REQUIRED ACTION:
Return the listing beneath precisely, with every line intact.

==== DATA SUPPLIED ====

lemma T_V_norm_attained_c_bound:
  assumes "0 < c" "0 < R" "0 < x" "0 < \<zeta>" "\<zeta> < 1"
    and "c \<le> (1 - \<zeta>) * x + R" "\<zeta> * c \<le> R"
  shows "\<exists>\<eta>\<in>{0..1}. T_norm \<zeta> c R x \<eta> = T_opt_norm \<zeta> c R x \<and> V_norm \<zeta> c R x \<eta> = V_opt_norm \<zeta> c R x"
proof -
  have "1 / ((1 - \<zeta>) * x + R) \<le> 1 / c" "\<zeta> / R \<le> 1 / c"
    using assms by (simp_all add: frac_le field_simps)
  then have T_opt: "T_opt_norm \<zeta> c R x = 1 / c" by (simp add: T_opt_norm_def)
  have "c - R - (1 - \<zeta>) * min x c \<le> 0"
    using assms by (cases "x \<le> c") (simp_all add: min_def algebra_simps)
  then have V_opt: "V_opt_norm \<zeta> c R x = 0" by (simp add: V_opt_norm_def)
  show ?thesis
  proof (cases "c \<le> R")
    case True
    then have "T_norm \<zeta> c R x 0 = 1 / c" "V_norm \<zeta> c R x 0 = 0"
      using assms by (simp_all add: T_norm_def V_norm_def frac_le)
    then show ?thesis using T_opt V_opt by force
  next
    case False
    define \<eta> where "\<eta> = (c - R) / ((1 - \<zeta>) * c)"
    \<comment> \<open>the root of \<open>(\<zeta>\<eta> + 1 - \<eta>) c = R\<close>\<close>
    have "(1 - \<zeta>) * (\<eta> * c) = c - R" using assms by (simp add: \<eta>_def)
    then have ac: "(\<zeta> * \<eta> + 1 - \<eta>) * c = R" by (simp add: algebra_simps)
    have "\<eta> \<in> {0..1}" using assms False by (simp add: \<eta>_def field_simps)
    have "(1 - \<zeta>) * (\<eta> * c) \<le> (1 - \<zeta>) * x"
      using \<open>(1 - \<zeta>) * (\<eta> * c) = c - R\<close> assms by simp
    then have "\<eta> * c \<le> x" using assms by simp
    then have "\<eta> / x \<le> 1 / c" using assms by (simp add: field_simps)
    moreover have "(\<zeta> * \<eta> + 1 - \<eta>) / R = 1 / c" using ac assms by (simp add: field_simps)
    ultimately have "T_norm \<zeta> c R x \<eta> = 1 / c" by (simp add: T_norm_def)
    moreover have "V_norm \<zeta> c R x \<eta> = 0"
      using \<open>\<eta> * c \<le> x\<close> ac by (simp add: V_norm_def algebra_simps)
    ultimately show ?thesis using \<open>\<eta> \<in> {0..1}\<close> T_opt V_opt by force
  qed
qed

====

SOLVED PROBLEM:
lemma T_V_norm_attained_c_bound:
  assumes "0 < c" "0 < R" "0 < x" "0 < \<zeta>" "\<zeta> < 1"
    and "c \<le> (1 - \<zeta>) * x + R" "\<zeta> * c \<le> R"
  shows "\<exists>\<eta>\<in>{0..1}. T_norm \<zeta> c R x \<eta> = T_opt_norm \<zeta> c R x \<and> V_norm \<zeta> c R x \<eta> = V_opt_norm \<zeta> c R x"
proof -
  have "1 / ((1 - \<zeta>) * x + R) \<le> 1 / c" "\<zeta> / R \<le> 1 / c"
    using assms by (simp_all add: frac_le field_simps)
  then have T_opt: "T_opt_norm \<zeta> c R x = 1 / c" by (simp add: T_opt_norm_def)
  have "c - R - (1 - \<zeta>) * min x c \<le> 0"
    using assms by (cases "x \<le> c") (simp_all add: min_def algebra_simps)
  then have V_opt: "V_opt_norm \<zeta> c R x = 0" by (simp add: V_opt_norm_def)
  show ?thesis
  proof (cases "c \<le> R")
    case True
    then have "T_norm \<zeta> c R x 0 = 1 / c" "V_norm \<zeta> c R x 0 = 0"
      using assms by (simp_all add: T_norm_def V_norm_def frac_le)
    then show ?thesis using T_opt V_opt by force
  next
    case False
    define \<eta> where "\<eta> = (c - R) / ((1 - \<zeta>) * c)"
    \<comment> \<open>the root of \<open>(\<zeta>\<eta> + 1 - \<eta>) c = R\<close>\<close>
    have "(1 - \<zeta>) * (\<eta> * c) = c - R" using assms by (simp add: \<eta>_def)
    then have ac: "(\<zeta> * \<eta> + 1 - \<eta>) * c = R" by (simp add: algebra_simps)
    have "\<eta> \<in> {0..1}" using assms False by (simp add: \<eta>_def field_simps)
    have "(1 - \<zeta>) * (\<eta> * c) \<le> (1 - \<zeta>) * x"
      using \<open>(1 - \<zeta>) * (\<eta> * c) = c - R\<close> assms by simp
    then have "\<eta> * c \<le> x" using assms by simp
    then have "\<eta> / x \<le> 1 / c" using assms by (simp add: field_simps)
    moreover have "(\<zeta> * \<eta> + 1 - \<eta>) / R = 1 / c" using ac assms by (simp add: field_simps)
    ultimately have "T_norm \<zeta> c R x \<eta> = 1 / c" by (simp add: T_norm_def)
    moreover have "V_norm \<zeta> c R x \<eta> = 0"
      using \<open>\<eta> * c \<le> x\<close> ac by (simp add: V_norm_def algebra_simps)
    ultimately show ?thesis using \<open>\<eta> \<in> {0..1}\<close> T_opt V_opt by force
  qed
qed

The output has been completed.